I have a text file containing hundreds of lines and I am trying to retrieve and print just the account names held in this text file.

Using grep -n '^user' filename.txt I can see that one of the accounts called 'user' is first word on one of three lines. The one I'm interested in is line 124. Now i want to be able to just print the account name user and nothing else.

Using this command - grep '^user' filename.txt , I get the following output;

user pts/1 adsl-194-162-fix Thu Jul 9 08:40:04

(note there are about 2 or 3 tabbed spaces between user and pts/1)


So my question is;
A) How do i limit the output to just line 124?
B) How do i print just the first word 'user' and not the remainder of the line?
C) I also need to replicate this for 2 other accounts, can this all be accomplished in one line?

Many thanks in advance
Ally.

 

[Rob]

So you're basically about half way there - you've figured out how to print out line 124 by grepping for ^user.. to print out just the first column of the text, you can use awk..

grep '^user' filename.txt | awk '{print $1}'

 

[ally100]

So you're basically about half way there - you've figured out how to print out line 124 by grepping for ^user.. to print out just the first column of the text, you can use awk..
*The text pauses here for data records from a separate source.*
lemma L_cong_imp_eq:
  assumes p: "(x, y) \<in> L" and p': "(x', y') \<in> L"
    and cong: "[d * x + c * y = d * x' + c * y'] (mod a)"
  shows "(x, y) = (x', y')"
proof -
  have "a dvd d * (x - x') + c * (y - y')"
    using cong by (simp add: cong_iff_dvd_diff algebra_simps)
  then obtain \<alpha> \<beta> where diff: "x - x' = \<alpha> * sv - \<beta> * sv1" "y - y' = \<beta> * Pv1 - \<alpha> * Pv"
    by (rule lattice_coordinates)
  note bounds = L_bounds[OF p] L_bounds[OF p']
  have "\<alpha> = 0 \<and> \<beta> = 0"
  proof (rule ccontr)
    assume nonzero: "\<not> (\<alpha> = 0 \<and> \<beta> = 0)"
    consider "0 \<le> \<alpha>" "0 \<le> \<beta>" | "\<alpha> \<le> 0" "\<beta> \<le> 0" | "0 < \<alpha>" "\<beta> < 0" | "\<alpha> < 0" "0 < \<beta>"
      by linarith
    then show False
    proof cases
      case 1
      then show False
        using L_no_nonneg_lattice_difference[OF p p' diff] nonzero by blast
    next
      case 2
      have "x' - x = (- \<alpha>) * sv - (- \<beta>) * sv1" "y' - y = (- \<beta>) * Pv1 - (- \<alpha>) * Pv"
        using diff by (simp_all add: algebra_simps)
      from L_no_nonneg_lattice_difference[OF p' p this] show False
        using 2 nonzero by simp
    next
      case 3
      have "sv \<le> \<alpha> * sv" "\<beta> * sv1 \<le> 0"
        using 3 s_bounds by (simp_all add: mult_le_cancel_right1 mult_nonpos_nonneg)
      then show False
        using diff bounds by linarith
    next
      case 4
      have "sv \<le> (- \<alpha>) * sv" "0 \<le> \<beta> * sv1"
        using 4 s_bounds by (simp_all only: mult_le_cancel_right1) simp_all
      then show False
        using diff bounds by linarith
    qed
  qed
  then show ?thesis
    using diff by simp
qed

lemma phi_inj_on_L: "inj_on \<phi> L"
proof (rule inj_onI)
  fix p p' assume "p \<in> L" "p' \<in> L" "\<phi> p = \<phi> p'"
  moreover obtain x y x' y' where "p = (x, y)" "p' = (x', y')"
    by fastforce
  moreover from calculation have "[d * x + c * y = d * x' + c * y'] (mod a)"
    using phi_cong[of a d k c x y] phi_cong[of a d k c x' y'] by (metis cong_sym cong_trans)
  ultimately show "p = p'"
    using L_cong_imp_eq by blast
qed

definition weight :: "int \<Rightarrow> int \<Rightarrow> int" where
  "weight X Y = (Pv + Pv1) * X + (sv + sv1) * Y"

lemma weight_nonneg: "0 \<le> X \<Longrightarrow> 0 \<le> Y \<Longrightarrow> 0 \<le> weight X Y"
  unfolding weight_def using s_bounds P_bounds by simp

lemma basis_step:
  assumes "0 \<le> i" "0 \<le> j"
  defines "s \<equiv> i * sv1 - j * sv" and "q \<equiv> j * Pv - i * Pv1"
  shows "[d * (X + s) + c * (Y + q) = d * X + c * Y] (mod a)"
    and "\<phi> (X + s, Y + q) \<le> \<phi> (X, Y)"
    and "weight (X + s) (Y + q) = weight X Y - (i + j) * a"
proof -
  have "d * s + c * q = i * (d * sv1 - c * Pv1) - j * (d * sv - c * Pv)"
    unfolding s_def q_def by (simp add: algebra_simps)
  then have lattice: "a dvd d * s + c * q"
    using lattice0 lattice1 by simp
  then show "[d * (X + s) + c * (Y + q) = d * X + c * Y] (mod a)"
    by (simp add: cong_iff_dvd_diff algebra_simps)
  have "(a + k * d) * s + k * c * q
      = i * ((a + k * d) * sv1 - k * c * Pv1) - j * ((a + k * d) * sv - k * c * Pv)"
    unfolding s_def q_def by (simp add: algebra_simps)
  also have "\<dots> \<le> 0"
    using mult_nonneg_nonpos[OF assms(1) R_nonpos] mult_nonneg_nonneg[OF assms(2) less_imp_le[OF R_pos]]
    by linarith
  finally show "\<phi> (X + s, Y + q) \<le> \<phi> (X, Y)"
    using phi_shift_le[OF pos lattice] by blast
  show "weight (X + s) (Y + q) = weight X Y - (i + j) * a"
    unfolding weight_def s_def q_def det[symmetric] by (simp add: algebra_simps)
qed

lemma basis_step_into_quadrant:
  assumes "0 \<le> X" "0 \<le> Y" "(X, Y) \<notin> L"
  obtains i j where "0 \<le> i" "0 \<le> j" "0 < i + j"
    "0 \<le> X + (i * sv1 - j * sv)" "0 \<le> Y + (j * Pv - i * Pv1)"
proof -
  consider "Pv1 \<le> Y" | "sv \<le> X" | "sv - sv1 \<le> X" "X < sv" "Pv1 - Pv \<le> Y" "Y < Pv1"
    using assms unfolding L_def by fastforce
  then show ?thesis
  proof cases
    case 1
    then show ?thesis
      using that[of 1 0] assms s_bounds by simp
  next
    case 2
    then show ?thesis
      using that[of 0 1] assms P_bounds by simp
  next
    case 3
    then show ?thesis
      using that[of 1 1] by simp
  qed
qed

lemma exists_L_cong_phi_le:
  assumes "0 \<le> X" "0 \<le> Y"
  shows "\<exists>x y. (x, y) \<in> L \<and> [d * x + c * y = d * X + c * Y] (mod a) \<and> \<phi> (x, y) \<le> \<phi> (X, Y)"
  using assms
proof (induction "nat (weight X Y)" arbitrary: X Y rule: less_induct)
  case less
  show ?case
  proof (cases "(X, Y) \<in> L")
    case True
    then show ?thesis
      using cong_refl by blast
  next
    case False
    then obtain i j where ij: "0 \<le> i" "0 \<le> j" "0 < i + j"
      and nonneg: "0 \<le> X + (i * sv1 - j * sv)" "0 \<le> Y + (j * Pv - i * Pv1)"
      using basis_step_into_quadrant less.prems by blast
    note step = basis_step[OF ij(1,2), of X Y]
    have "0 < (i + j) * a"
      using ij pos(1) by simp
    then have "nat (weight (X + (i * sv1 - j * sv)) (Y + (j * Pv - i * Pv1))) < nat (weight X Y)"
      using step(3) weight_nonneg[OF nonneg] by linarith
    then obtain x y where "(x, y) \<in> L"
      and "[d * x + c * y = d * (X + (i * sv1 - j * sv)) + c * (Y + (j * Pv - i * Pv1))] (mod a)"
      and "\<phi> (x, y) \<le> \<phi> (X + (i * sv1 - j * sv), Y + (j * Pv - i * Pv1))"
      using less.hyps nonneg by blast
    with step(1,2) show ?thesis
      by (meson cong_trans order_trans)
  qed
qed

lemma phi_L_minus_a_notin_AA_semigroup:
  assumes p: "(x, y) \<in> L"
  shows "\<phi> (x, y) - a \<notin> AA_semigroup a d k c"
proof
  assume "\<phi> (x, y) - a \<in> AA_semigroup a d k c"
  then obtain X Y t where XYt: "0 \<le> X" "0 \<le> Y" "0 \<le> t" "\<phi> (x, y) - a = \<phi> (X, Y) + t * a"
    using AA_semigroup_elem_eq_phi pos(2) by blast
  then obtain x' y' where p': "(x', y') \<in> L" and le: "\<phi> (x', y') \<le> \<phi> (X, Y)"
    and cong': "[d * x' + c * y' = d * X + c * Y] (mod a)"
    using exists_L_cong_phi_le by blast
  have "[\<phi> (X, Y) = \<phi> (x, y)] (mod a)"
    using XYt(4) by (simp add: cong_iff_dvd_diff algebra_simps eq_diff_eq)
  then have "[d * x' + c * y' = d * x + c * y] (mod a)"
    using cong' phi_cong[of a d k c X Y] phi_cong[of a d k c x y]
    by (meson cong_sym cong_trans)
  then have "(x', y') = (x, y)"
    using L_cong_imp_eq[OF p' p] by blast
  with le XYt(4) have "\<phi> (x, y) \<le> \<phi> (x, y) - a - t * a"
    by simp
  then show False
    using XYt(3) pos(1) mult_nonneg_nonneg[of t a] by linarith
qed

end

lemma ex1_last_true:
  fixes P :: "int \<Rightarrow> bool"
  assumes "P lo" "lo \<le> hi" "\<not> P hi"
    and down: "\<And>i j. lo \<le> i \<Longrightarrow> i \<le> j \<Longrightarrow> P j \<Longrightarrow> P i"
  shows "\<exists>!i. lo \<le> i \<and> P i \<and> \<not> P (i + 1)"
proof -
  define I where "I = {i. lo \<le> i \<and> P i}"
  have "i \<le> hi" if "lo \<le> i" "P i" for i
    using down[of hi i] that assms(2,3) by (meson linorder_le_cases)
  then have "I \<subseteq> {lo..hi}"
    unfolding I_def by auto
  then have "finite I" "lo \<in> I"
    using assms(1) finite_subset unfolding I_def by auto
  define i where "i = Max I"
  have max: "i \<in> I" "\<And>j. j \<in> I \<Longrightarrow> j \<le> i"
    using \<open>finite I\<close> \<open>lo \<in> I\<close> unfolding i_def by (auto intro: Max_in)
  then have "lo \<le> i \<and> P i \<and> \<not> P (i + 1)"
    using max(2)[of "i + 1"] unfolding I_def by auto
  moreover have "j = i" if "lo \<le> j \<and> P j \<and> \<not> P (j + 1)" for j
    using max(2)[of j] down[of "j + 1" i] calculation that unfolding I_def by force
  ultimately show ?thesis
    by blast
qed

definition AA_state_inv :: "int \<Rightarrow> int \<Rightarrow> int \<Rightarrow> int \<Rightarrow> int \<Rightarrow> int \<Rightarrow> int \<Rightarrow> bool" where
  "AA_state_inv a d c u w p r \<longleftrightarrow> 0 \<le> u \<and> 0 \<le> w \<and> (u = 0 \<longrightarrow> w = 0) \<and>
     (0 < u \<longrightarrow> w < u \<and> u * r - w * p = a \<and> 0 \<le> p \<and> p < r
        \<and> a dvd d * u - c * p \<and> a dvd d * w - c * r)"

lemma AA_state_inv_step:
  assumes inv: "AA_state_inv a d c u w p r" and "0 < w"
  defines "s \<equiv> (- u) mod w"
  defines "q \<equiv> (u + s) div w"
  shows "AA_state_inv a d c w s r (q * r - p)"
proof -
  have u: "0 < u" "w < u" and det: "u * r - w * p = a" and P: "0 \<le> p" "p < r"
    and dvd: "a dvd d * u - c * p" "a dvd d * w - c * r"
    using inv \<open>0 < w\<close> unfolding AA_state_inv_def by auto
  have s: "0 \<le> s" "s < w"
    using \<open>0 < w\<close> by (simp_all add: s_def)
  have "(u + s) mod w = 0"
    unfolding s_def by (simp add: mod_add_right_eq)
  then have qw: "q * w = u + s"
    unfolding q_def using div_mult_mod_eq[of "u + s" w] by simp
  then have "1 * w < q * w"
    using u s by simp
  then have "2 \<le> q"
    using \<open>0 < w\<close> mult_right_less_imp_less by fastforce
  then have "r < q * r - p"
    using P mult_right_mono[of 2 q r] by linarith
  moreover have "w * (q * r - p) - s * r = (q * w) * r - w * p - s * r"
    by (simp add: algebra_simps)
  then have "w * (q * r - p) - s * r = a"
    using det unfolding qw by (simp add: algebra_simps)
  moreover have "d * s - c * (q * r - p) = q * (d * w - c * r) - (d * u - c * p)"
    using qw by (simp add: algebra_simps flip: qw)
  then have "a dvd d * s - c * (q * r - p)"
    using dvd by simp
  ultimately show ?thesis
    using s P \<open>0 < w\<close> dvd unfolding AA_state_inv_def by auto
qed

lemma AA_state_inv_holds:
  assumes "0 \<le> s0" "s0 < a" "a dvd d * s0 - c"
  shows "case AA_state a s0 n of (u, w, p, r) \<Rightarrow> AA_state_inv a d c u w p r"
proof (induction n)
  case 0
  then show ?case
    using assms unfolding AA_state_inv_def by simp
next
  case (Suc n)
  obtain u w p r where st: "AA_state a s0 n = (u, w, p, r)"
    by (cases "AA_state a s0 n") auto
  with Suc.IH have inv: "AA_state_inv a d c u w p r"
    by simp
  show ?case
  proof (cases "w = 0")
    case True
    then show ?thesis
      using st unfolding AA_state_inv_def by simp
  next
    case False
    with inv have "0 < w"
      unfolding AA_state_inv_def by simp
    with AA_state_inv_step[OF inv this] False st show ?thesis
      by (simp add: Let_def)
  qed
qed

locale AA_params =
  fixes a d k c :: int
  assumes pos: "0 < a" "0 < d" "0 < k" "0 < c"
    and gcd_ad: "gcd a d = 1"
begin

abbreviation ss where "ss \<equiv> s_seq a d c"
abbreviation PP where "PP \<equiv> P_seq a d c"
abbreviation RR where "RR \<equiv> R_seq a d k c"
abbreviation mm where "mm \<equiv> m_idx a d c"
abbreviation vv where "vv \<equiv> v_idx a d k c"

lemma s_zero_spec: "0 \<le> s_zero a d c \<and> s_zero a d c < a \<and> a dvd d * s_zero a d c - c"
proof -
  have coprime_da: "coprime d a"
    using gcd_ad by (simp add: coprime_iff_gcd_eq_1 gcd.commute)
  obtain e where e: "[d * e = 1] (mod a)"
    using cong_solve_coprime_int[OF coprime_da] by blast
  define s where "s = (e * c) mod a"
  have "[d * s = d * e * c] (mod a)"
    unfolding s_def by (simp add: cong_scalar_left mult.assoc)
  also have "[d * e * c = c] (mod a)"
    using cong_scalar_right[OF e, of c] by simp
  finally have s_cong: "[d * s = c] (mod a)" .
  have s_range: "0 \<le> s" "s < a"
    using pos(1) by (simp_all add: s_def)
  have unique: "t = s" if t: "0 \<le> t" "t < a" "[d * t = c] (mod a)" for t
  proof -
    have "[d * t = d * s] (mod a)"
      using cong_trans[OF t(3) cong_sym[OF s_cong]] .
    then have "[t = s] (mod a)"
      by (simp add: cong_mult_lcancel[OF coprime_da])
    with s_range t(1,2) show ?thesis
      by (simp add: cong_less_imp_eq_int)
  qed
  have "s_zero a d c = s"
    unfolding s_zero_def using s_range s_cong unique by (intro the_equality) blast+
  with s_range s_cong show ?thesis
    by (simp add: cong_iff_dvd_diff)
qed

lemma AA_state_eq_seq:
  assumes "-1 \<le> i"
  shows "AA_state a (s_zero a d c) (nat (i + 1)) = (ss i, ss (i + 1), PP i, PP (i + 1))"
proof -
  obtain u w p r where st: "AA_state a (s_zero a d c) (nat (i + 1)) = (u, w, p, r)"
    by (cases "AA_state a (s_zero a d c) (nat (i + 1))") auto
  moreover have "nat (i + 1 + 1) = Suc (nat (i + 1))"
    using assms by simp
  ultimately show ?thesis
    unfolding s_seq_def P_seq_def by (simp add: Let_def)
qed

lemma AA_state_inv_seq: "-1 \<le> i \<Longrightarrow> AA_state_inv a d c (ss i) (ss (i + 1)) (PP i) (PP (i + 1))"
  using AA_state_inv_holds[OF _ _ _, of "s_zero a d c" a d c "nat (i + 1)"] s_zero_spec
  by (simp add: AA_state_eq_seq)

lemma seq_minus_one: "ss (-1) = a" "PP (-1) = 0"
  unfolding s_seq_def P_seq_def by simp_all

lemma s_seq_nonneg: "-1 \<le> i \<Longrightarrow> 0 \<le> ss i"
  using AA_state_inv_seq unfolding AA_state_inv_def by blast

lemma s_seq_pos_antimono:
  assumes "-1 \<le> i" "i \<le> j" "0 < ss j"
  shows "0 < ss i"
proof (rule ccontr)
  assume "\<not> 0 < ss i"
  then have "ss i = 0"
    using s_seq_nonneg[OF assms(1)] by simp
  have "ss j' = 0" if "i \<le> j'" for j'
    using that
  proof (induction j' rule: int_ge_induct)
    case (step j')
    then show ?case
      using AA_state_inv_seq[of j'] assms(1) unfolding AA_state_inv_def by simp
  qed (fact \<open>ss i = 0\<close>)
  with assms(2,3) show False
    by simp
qed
grep '^user' filename.txt | awk '{print $1}'

Perfect, problem solved, many thanks for your help its greatly appreciated.

 

[jerz4lunch]

So you're basically about half way there - you've figured out how to print out line 124 by grepping for ^user.. to print out just the first column of the text, you can use awk..

grep '^user' filename.txt | awk '{print $1}'

I know this problem is already solved, but I'd like to point out that the same thing can be accomplished by passing output from the grep command to the cut command:

grep '^user' filename.txt | cut -d" " -f1

or if file contains tabs instead of spaces:

grep '^user' filename.txt | cut -f1